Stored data
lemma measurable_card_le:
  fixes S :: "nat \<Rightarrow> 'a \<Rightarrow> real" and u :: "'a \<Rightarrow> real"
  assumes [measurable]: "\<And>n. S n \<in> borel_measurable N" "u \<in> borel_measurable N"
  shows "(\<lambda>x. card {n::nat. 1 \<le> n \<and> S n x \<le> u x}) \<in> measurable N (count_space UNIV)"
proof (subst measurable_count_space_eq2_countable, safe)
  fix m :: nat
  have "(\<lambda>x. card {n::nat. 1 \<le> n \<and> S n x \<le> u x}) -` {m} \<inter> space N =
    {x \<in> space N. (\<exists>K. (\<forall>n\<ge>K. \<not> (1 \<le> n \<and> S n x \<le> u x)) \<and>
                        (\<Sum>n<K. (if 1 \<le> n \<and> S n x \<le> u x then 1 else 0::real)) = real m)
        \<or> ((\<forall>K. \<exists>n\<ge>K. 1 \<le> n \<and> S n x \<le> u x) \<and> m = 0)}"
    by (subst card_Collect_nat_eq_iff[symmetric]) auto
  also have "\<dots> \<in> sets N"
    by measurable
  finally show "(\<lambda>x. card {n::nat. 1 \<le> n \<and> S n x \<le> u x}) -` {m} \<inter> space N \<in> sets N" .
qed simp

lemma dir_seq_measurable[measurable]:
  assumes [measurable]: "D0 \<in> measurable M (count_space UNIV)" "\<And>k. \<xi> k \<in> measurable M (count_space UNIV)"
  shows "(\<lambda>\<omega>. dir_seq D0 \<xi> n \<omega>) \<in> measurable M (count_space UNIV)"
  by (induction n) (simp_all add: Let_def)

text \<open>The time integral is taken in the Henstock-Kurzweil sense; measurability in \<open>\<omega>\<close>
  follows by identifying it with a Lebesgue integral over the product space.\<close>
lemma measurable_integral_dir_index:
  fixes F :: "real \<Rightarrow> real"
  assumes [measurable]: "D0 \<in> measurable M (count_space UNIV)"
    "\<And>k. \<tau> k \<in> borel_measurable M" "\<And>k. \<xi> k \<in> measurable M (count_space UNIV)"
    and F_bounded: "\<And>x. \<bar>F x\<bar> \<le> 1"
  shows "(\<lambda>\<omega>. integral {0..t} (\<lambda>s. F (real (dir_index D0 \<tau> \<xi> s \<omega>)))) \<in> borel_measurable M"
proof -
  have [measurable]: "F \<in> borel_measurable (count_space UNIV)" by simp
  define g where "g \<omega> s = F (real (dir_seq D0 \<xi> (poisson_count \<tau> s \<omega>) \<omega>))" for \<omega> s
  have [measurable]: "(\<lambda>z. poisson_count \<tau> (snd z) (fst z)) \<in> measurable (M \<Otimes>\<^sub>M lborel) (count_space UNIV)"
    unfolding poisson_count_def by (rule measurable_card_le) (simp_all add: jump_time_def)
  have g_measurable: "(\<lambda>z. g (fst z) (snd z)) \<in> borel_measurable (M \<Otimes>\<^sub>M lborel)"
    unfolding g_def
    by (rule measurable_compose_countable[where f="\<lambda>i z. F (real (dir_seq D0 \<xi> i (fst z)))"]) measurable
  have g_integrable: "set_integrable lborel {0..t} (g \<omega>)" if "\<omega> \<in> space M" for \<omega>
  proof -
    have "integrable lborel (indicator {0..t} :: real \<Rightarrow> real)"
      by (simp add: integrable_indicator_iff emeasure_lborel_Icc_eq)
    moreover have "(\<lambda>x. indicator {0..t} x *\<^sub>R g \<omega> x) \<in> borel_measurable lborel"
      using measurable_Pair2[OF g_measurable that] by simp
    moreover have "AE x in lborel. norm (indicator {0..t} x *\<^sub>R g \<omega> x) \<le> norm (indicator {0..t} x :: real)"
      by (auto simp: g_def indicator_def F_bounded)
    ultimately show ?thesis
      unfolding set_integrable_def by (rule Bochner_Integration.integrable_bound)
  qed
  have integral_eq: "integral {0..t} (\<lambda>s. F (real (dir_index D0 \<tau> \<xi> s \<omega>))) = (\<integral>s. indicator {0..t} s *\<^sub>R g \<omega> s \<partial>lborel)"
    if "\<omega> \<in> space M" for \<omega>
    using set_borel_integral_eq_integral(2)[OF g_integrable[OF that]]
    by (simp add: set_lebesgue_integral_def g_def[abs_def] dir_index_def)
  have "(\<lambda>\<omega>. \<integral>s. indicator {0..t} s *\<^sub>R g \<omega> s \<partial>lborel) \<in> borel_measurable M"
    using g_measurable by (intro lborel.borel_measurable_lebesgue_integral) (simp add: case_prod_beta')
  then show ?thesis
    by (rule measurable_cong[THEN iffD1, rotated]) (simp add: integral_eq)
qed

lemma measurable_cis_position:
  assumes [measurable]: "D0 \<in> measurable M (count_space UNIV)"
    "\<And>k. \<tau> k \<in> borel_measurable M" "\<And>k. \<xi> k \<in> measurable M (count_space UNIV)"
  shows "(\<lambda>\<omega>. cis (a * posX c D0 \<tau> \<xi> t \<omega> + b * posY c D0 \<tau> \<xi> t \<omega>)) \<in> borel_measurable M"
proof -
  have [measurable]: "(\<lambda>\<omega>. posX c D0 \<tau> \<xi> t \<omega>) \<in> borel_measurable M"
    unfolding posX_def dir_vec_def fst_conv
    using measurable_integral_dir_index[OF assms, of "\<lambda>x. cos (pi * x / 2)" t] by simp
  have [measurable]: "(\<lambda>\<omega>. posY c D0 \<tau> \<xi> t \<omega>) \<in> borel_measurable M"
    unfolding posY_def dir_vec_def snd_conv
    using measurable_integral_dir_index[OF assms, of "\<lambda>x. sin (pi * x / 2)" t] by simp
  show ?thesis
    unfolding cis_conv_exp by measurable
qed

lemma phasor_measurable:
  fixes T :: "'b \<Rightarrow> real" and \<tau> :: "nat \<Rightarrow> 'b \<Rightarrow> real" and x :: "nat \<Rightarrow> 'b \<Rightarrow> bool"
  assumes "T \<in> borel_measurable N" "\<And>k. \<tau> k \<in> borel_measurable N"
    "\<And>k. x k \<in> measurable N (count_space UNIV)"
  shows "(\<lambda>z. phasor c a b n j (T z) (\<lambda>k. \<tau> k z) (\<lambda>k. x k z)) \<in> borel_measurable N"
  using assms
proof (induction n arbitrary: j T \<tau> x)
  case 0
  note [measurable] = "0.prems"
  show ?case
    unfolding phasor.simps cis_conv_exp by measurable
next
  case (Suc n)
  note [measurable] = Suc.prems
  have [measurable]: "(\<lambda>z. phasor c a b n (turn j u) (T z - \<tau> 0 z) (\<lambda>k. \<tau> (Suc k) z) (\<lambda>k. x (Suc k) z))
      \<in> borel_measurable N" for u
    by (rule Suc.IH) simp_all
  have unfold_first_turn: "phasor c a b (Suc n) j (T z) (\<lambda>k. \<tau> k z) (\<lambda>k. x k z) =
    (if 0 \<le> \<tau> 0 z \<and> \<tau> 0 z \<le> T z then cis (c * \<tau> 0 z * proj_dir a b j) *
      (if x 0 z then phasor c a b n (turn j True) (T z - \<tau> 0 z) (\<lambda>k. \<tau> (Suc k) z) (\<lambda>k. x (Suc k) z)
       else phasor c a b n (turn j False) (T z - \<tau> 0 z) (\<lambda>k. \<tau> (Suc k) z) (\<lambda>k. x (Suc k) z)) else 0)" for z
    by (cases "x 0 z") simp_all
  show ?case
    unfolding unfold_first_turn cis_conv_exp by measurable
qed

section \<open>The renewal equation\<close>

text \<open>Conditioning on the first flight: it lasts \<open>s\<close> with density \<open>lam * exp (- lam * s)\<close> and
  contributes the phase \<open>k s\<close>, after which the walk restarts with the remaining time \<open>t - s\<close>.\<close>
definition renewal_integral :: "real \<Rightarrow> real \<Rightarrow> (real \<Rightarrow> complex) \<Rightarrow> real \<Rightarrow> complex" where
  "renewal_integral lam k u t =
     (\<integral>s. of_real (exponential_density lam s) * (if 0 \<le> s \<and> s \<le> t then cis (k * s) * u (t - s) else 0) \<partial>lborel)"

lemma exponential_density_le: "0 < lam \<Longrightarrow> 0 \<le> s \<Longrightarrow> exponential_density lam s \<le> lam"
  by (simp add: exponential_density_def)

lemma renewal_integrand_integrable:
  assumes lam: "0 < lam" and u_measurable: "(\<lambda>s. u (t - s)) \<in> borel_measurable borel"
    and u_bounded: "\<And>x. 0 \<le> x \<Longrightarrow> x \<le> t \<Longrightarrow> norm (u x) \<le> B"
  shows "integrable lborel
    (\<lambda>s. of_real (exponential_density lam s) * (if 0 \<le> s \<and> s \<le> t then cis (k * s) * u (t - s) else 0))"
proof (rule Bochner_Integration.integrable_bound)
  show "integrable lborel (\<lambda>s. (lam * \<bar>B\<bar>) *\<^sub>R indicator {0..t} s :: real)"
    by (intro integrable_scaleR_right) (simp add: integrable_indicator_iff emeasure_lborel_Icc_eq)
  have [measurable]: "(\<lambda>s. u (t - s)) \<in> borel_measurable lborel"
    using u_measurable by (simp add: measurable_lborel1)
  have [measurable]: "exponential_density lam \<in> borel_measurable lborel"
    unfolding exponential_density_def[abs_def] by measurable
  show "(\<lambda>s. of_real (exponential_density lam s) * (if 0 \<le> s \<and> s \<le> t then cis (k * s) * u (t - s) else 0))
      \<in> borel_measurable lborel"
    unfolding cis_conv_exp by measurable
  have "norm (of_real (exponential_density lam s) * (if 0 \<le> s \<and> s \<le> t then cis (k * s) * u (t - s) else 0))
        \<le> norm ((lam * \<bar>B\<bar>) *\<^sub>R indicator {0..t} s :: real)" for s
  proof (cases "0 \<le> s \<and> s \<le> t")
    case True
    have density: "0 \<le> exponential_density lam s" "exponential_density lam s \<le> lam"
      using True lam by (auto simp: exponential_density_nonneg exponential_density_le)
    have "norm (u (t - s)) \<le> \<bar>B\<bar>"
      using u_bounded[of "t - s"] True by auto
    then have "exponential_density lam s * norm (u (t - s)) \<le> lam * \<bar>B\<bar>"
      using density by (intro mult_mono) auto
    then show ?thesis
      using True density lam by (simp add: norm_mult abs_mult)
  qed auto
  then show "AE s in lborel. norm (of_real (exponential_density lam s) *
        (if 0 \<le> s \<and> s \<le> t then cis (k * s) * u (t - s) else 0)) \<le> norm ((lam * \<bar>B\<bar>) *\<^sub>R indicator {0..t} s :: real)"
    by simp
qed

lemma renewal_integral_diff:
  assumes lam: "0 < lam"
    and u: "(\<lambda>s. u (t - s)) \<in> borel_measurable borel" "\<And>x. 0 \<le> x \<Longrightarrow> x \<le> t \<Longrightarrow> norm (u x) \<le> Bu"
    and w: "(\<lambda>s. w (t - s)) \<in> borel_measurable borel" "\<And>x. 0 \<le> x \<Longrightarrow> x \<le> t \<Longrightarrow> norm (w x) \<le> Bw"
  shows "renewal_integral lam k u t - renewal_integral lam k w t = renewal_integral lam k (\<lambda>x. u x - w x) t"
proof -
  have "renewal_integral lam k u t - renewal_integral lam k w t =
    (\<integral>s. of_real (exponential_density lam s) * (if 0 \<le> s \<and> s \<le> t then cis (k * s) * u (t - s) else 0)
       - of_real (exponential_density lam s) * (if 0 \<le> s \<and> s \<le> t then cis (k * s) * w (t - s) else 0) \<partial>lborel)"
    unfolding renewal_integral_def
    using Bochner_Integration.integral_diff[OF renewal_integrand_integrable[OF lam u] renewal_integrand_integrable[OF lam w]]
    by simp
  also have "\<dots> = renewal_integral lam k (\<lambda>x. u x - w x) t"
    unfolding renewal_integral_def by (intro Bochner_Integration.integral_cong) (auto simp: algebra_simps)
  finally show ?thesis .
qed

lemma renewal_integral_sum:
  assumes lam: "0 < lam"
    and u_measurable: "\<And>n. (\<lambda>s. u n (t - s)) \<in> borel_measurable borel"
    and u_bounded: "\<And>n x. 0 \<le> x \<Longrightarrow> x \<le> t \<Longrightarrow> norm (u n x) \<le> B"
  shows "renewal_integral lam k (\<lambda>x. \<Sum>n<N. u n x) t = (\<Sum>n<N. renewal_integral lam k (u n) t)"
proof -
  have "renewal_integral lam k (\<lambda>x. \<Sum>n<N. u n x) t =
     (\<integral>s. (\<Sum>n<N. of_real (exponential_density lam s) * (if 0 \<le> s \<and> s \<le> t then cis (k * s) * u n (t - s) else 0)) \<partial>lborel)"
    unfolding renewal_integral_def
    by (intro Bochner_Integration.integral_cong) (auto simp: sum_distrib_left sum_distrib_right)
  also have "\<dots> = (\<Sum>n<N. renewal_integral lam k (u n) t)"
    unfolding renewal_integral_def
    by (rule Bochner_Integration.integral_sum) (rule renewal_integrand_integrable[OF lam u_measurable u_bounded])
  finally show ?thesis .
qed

About this exercise — Copy each line of the records that contains the word "fixes".

Exercise response —
  fixes S :: "nat \<Rightarrow> 'a \<Rightarrow> real" and u :: "'a \<Rightarrow> real"
  fixes F :: "real \<Rightarrow> real"
  fixes T :: "'b \<Rightarrow> real" and \<tau> :: "nat \<Rightarrow> 'b \<Rightarrow> real" and x :: "nat \<Rightarrow> 'b \<Rightarrow> bool"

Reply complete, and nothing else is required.